Foundation

Prerequisites

A self-contained refresher on every concept assumed before Chapter 1 — sorting, graphs, spanning trees, heaps, Union-Find, recurrences, probability, and NP-hardness. Each topic pairs the key idea with an interactive visualisation.

1 · Asymptotic Notation

We measure algorithmic cost as a function of input size $n$, keeping only the dominant term and discarding constant factors. Three notations cover upper bound, lower bound, and tight bound.

Big-O — upper bound

$f(n) = O(g(n))$ iff there exist $c > 0, n_0$ such that $f(n) \le c \cdot g(n)$ for all $n \ge n_0$.

Read: "f grows no faster than g."

Big-Ω — lower bound

$f(n) = \Omega(g(n))$ iff $f(n) \ge c \cdot g(n)$ for some $c, n_0$ and all $n \ge n_0$.

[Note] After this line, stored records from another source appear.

definition tproj :: "chan set \<Rightarrow> trace \<Rightarrow> trace" where
  "tproj C t = filter (\<lambda>(c,_,_). c \<in> C) t"

definition rproj :: "chan set \<Rightarrow> rtrace \<Rightarrow> rtrace" where
  "rproj C t = filter (\<lambda>(_,c,_,_). c \<in> C) t"

definition sproj :: "chan set \<Rightarrow> state \<Rightarrow> state" where
  "sproj C v = v\<lparr>sT := (\<lambda>h. tproj C (sT v h))\<rparr>"

definition sapp :: "state \<Rightarrow> rtrace \<Rightarrow> state" where
  "sapp v \<tau> = v\<lparr>sT := (\<lambda>h. sT v h @ map (\<lambda>(_,c,d,s). (c,d,s)) (filter (\<lambda>(h',_,_,_). h' = h) \<tau>))\<rparr>"

section \<open>Syntax\<close>

datatype trm =
    Var var
  | RConst rat
  | NConst nat
  | Fn ident "chan set" "trm list"
  | Plus trm trm
  | Times trm trm
  | Diff trm
  | ValT trm
  | TimeT trm
  | LenT trm
  | ChanT trm
  | Ev chan trm trm
  | Cat trm trm
  | ProjT trm "chan set"
  | At trm trm
  | Dot nat

datatype fml =
    Eq trm trm
  | Geq trm trm
  | Pref trm trm
  | Pred ident "chan set" "trm list"
  | Not fml
  | And fml fml
  | All var fml
  | Box prog fml
  | AC prog fml fml fml
and prog =
    PConst ident "var set" "chan set"
  | Assign rvar trm
  | Rand rvar
  | Test fml
  | ODE rvar trm fml
  | Seq prog prog
  | Choice prog prog
  | Loop prog
  | Send chan ident trm
  | Recv chan ident rvar
  | Par prog prog

type_synonym comp = "state \<times> rtrace \<times> state option"

definition cpref :: "rtrace \<times> state option \<Rightarrow> rtrace \<times> state option \<Rightarrow> bool" where
  "cpref a b \<longleftrightarrow> (snd a = None \<and> prefix (fst a) (fst b)) \<or> a = b"

definition times_of :: "rtrace \<Rightarrow> real list" where
  "times_of \<tau> = map (\<lambda>(_,_,_,s). s) \<tau>"

definition chronological :: "comp \<Rightarrow> bool" where
  "chronological c = (case c of (v, \<tau>, w) \<Rightarrow>
      sorted (times_of \<tau>) \<and> (\<forall>s\<in>set (times_of \<tau>). sR v mu \<le> s) \<and>
      (\<forall>w'. w = Some w' \<longrightarrow> (\<forall>s\<in>set (times_of \<tau>). s \<le> sR w' mu)))"

record interp =
  IF :: "ident \<Rightarrow> val list \<Rightarrow> val"
  IP :: "ident \<Rightarrow> val list \<Rightarrow> bool"
  IA :: "ident \<times> var set \<times> chan set \<Rightarrow> comp set"
  IDot :: "val list"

Read: "f grows at least as fast as g."

Θ — tight bound

$f(n) = \Theta(g(n))$ iff $f(n) = O(g(n))$ and $f(n) = \Omega(g(n))$. The algorithm's growth rate is exactly $g$ up to constants. This is what we aim to state when possible.

Growth Rate Hierarchy

O(1)
O(log n)
O(n)
O(n log n)
O(n²)
O(2ⁿ)
ClassNameExampleops at n=1 000
O(1)ConstantArray indexing1
O(log n)LogarithmicBinary search~10
O(n)LinearLinear scan1 000
O(n log n)LinearithmicMerge sort~10 000
O(n²)QuadraticInsertion sort1 000 000
O(2ⁿ)ExponentialAll subsets10³⁰⁰
Why This Matters

The course constantly upgrades brute-force O(n²) solutions to O(n log n) via clever divide-and-conquer or greedy strategies. The difference at n = 10⁶ is roughly 50 000×.

2 · Sorting Algorithms

Two sorting algorithms appear repeatedly as primitives or analogies in the course: Merge Sort (worst-case O(n log n), Ch 3 basis) and Quicksort (expected O(n log n), Ch 6 Nuts & Bolts analogy).

Merge Sort

Algorithm Sketch

MergeSort(A, lo, hi): if lo ≥ hi, return. mid = ⌊(lo+hi)/2⌋. Recurse on left half, recurse on right half. Merge the two sorted halves in O(n) using two pointers.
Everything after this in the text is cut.